Learn how to perform inference with audio as input using Clarifai SDKs


The Clarifai SDKs for Audio Processing provides a comprehensive set of tools and functionalities, enabling you to process audio inputs with unparalleled ease and efficiency. Whether you're working on applications related to voice recognition, sound classification, or speech-to-text conversion, our SDK streamlines the development process, allowing you to focus on building cutting-edge functionalities.

Audio to Text

Harness the power of the Predict API to seamlessly transform audio files into text-based formats using our advanced Automatic Speech Recognition (ASR) model. With this functionality, you can effortlessly transcribe spoken words from audio, opening up possibilities for diverse applications such as transcription services, voice command processing, and more.

from clarifai.client.model import Model

# Your PAT (Personal Access Token) can be found in the Account's Security section
# Specify the correct user_id/app_id pairings
# Since you're making inferences outside your app's scope
#USER_ID = "facebook"
#APP_ID = "asr"

# You can set the model using model URL or model ID.
# Change these to whatever model you want to use
# eg : MODEL_ID = 'asr-wav2vec2-base-960h-english'
# You can also set a particular model version by specifying the version ID
# eg: MODEL_VERSION_ID = 'model_version'
# Model class objects can be inititalised by providing its URL or also by defining respective user_id, app_id and model_id

# eg : model = Model(user_id="clarifai", app_id="main", model_id=MODEL_ID)

audio_url = "https://s3.amazonaws.com/samples.clarifai.com/GoodMorning.wav"

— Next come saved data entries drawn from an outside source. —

theorem mainTheorem10:
  fixes degA :: "'i \<Rightarrow> nat" and mA :: "'i \<Rightarrow> 'i \<Rightarrow> 'i \<Rightarrow> complex"
    and uA :: "'i \<Rightarrow> complex" and dA :: "'i \<Rightarrow> 'i \<Rightarrow> 'i \<Rightarrow> complex" and eA :: "'i \<Rightarrow> complex"
    and degB :: "'j \<Rightarrow> nat" and mB :: "'j \<Rightarrow> 'j \<Rightarrow> 'j \<Rightarrow> complex"
    and uB :: "'j \<Rightarrow> complex" and dB :: "'j \<Rightarrow> 'j \<Rightarrow> 'j \<Rightarrow> complex" and eB :: "'j \<Rightarrow> complex"
    and pr :: "'i \<Rightarrow> 'j \<Rightarrow> complex"
    and A1 A2 :: "('i \<Rightarrow> complex) set"
    and dk :: "'k \<Rightarrow> nat" and a :: "'k \<Rightarrow> 'i \<Rightarrow> complex" and b :: "'k \<Rightarrow> 'j \<Rightarrow> complex"
  assumes bialgA: "graded_bialgebra degA mA uA dA eA"
    and bialgB: "graded_bialgebra degB mB uB dB eB"
    and sub1: "subalgebra mA uA A1"
    and sub2: "subalgebra mA uA A2"
    and fact: "bij_betw (mult_map mA) (tspan A1 A2) {x. fsupp x}"
    and cop1: "\<forall>x\<in>A1. comulc dA x \<in> tspan {y. fsupp y} A1"
    and cop2: "\<forall>x\<in>A2. comulc dA x \<in> tspan A2 {y. fsupp y}"
    and pairing: "graded_nondeg_pairing degA degB pr"
    and pair_mult: "\<forall>x y1 y2. fsupp x \<longrightarrow> fsupp y1 \<longrightarrow> fsupp y2 \<longrightarrow>
                     pairing pr x (mulc mB y1 y2) = pairing2 pr (comulc dA x) (tensor y1 y2)"
    and pair_comult: "\<forall>x1 x2 y. fsupp x1 \<longrightarrow> fsupp x2 \<longrightarrow> fsupp y \<longrightarrow>
                     pairing pr (mulc mA x1 x2) y = pairing2 pr (tensor x2 x1) (comulc dB y)"
    and dual: "dual_bases degA degB pr dk a b"
  shows "canon a b =
         cmul mA mB (map_left (Pi1 mA eA A1 A2) (canon a b))
                    (map_left (Pi2 mA eA A1 A2) (canon a b))"
proof -
  interpret dual_pair_factorization degA mA uA dA eA A1 A2 degB mB uB dB eB pr dk a b
    by unfold_locales (use assms in \<open>simp_all add: subalgebra_def\<close>)
  show ?thesis
  proof (rule ext, clarify)
    fix i j
    let ?D = "{\<alpha>. dk \<alpha> \<le> degB j}" and ?L = "{\<gamma>. dk \<gamma> = degB j}"
    have "cmul mA mB (map_left \<pi>\<^sub>1 (canon a b)) (map_left \<pi>\<^sub>2 (canon a b)) (i, j) =
        (\<Sum>\<gamma>\<in>?L. lincomb (?D \<times> ?D) (\<lambda>\<alpha>\<beta>. pairing pr (a \<gamma>) (mulc mB (b (fst \<alpha>\<beta>)) (b (snd \<alpha>\<beta>))))
                   (\<lambda>\<alpha>\<beta>. mulc mA (\<pi>\<^sub>1 (a (fst \<alpha>\<beta>))) (\<pi>\<^sub>2 (a (snd \<alpha>\<beta>)))) i * b \<gamma> j)"
      by (rule cmul_map_left_canon_dual)
    also have "\<dots> = (\<Sum>\<gamma>\<in>?L. a \<gamma> i * b \<gamma> j)"
      by (intro sum.cong refl) (simp add: mult_proj_comulc_dual)
    also have "\<dots> = canon a b (i, j)"
      by (rule canon_eq_sum[symmetric]) (simp_all add: finite_dual_level)
    finally show "canon a b (i, j) = cmul mA mB (map_left \<pi>\<^sub>1 (canon a b)) (map_left \<pi>\<^sub>2 (canon a b)) (i, j)" ..
  qed
qed

end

# The predict API gives the flexibility to generate predictions for data provided through URL, Filepath and bytes format.

# Example for prediction through Bytes:
# model_prediction = model.predict_by_bytes(audio_bytes, input_type="audio")

# Example for prediction through Filepath:
# model_prediction = Model(model_url).predict_by_filepath(audio_filepath, input_type="audio")

model_url = "https://clarifai.com/facebook/asr/models/asr-wav2vec2-large-robust-ft-swbd-300h-english"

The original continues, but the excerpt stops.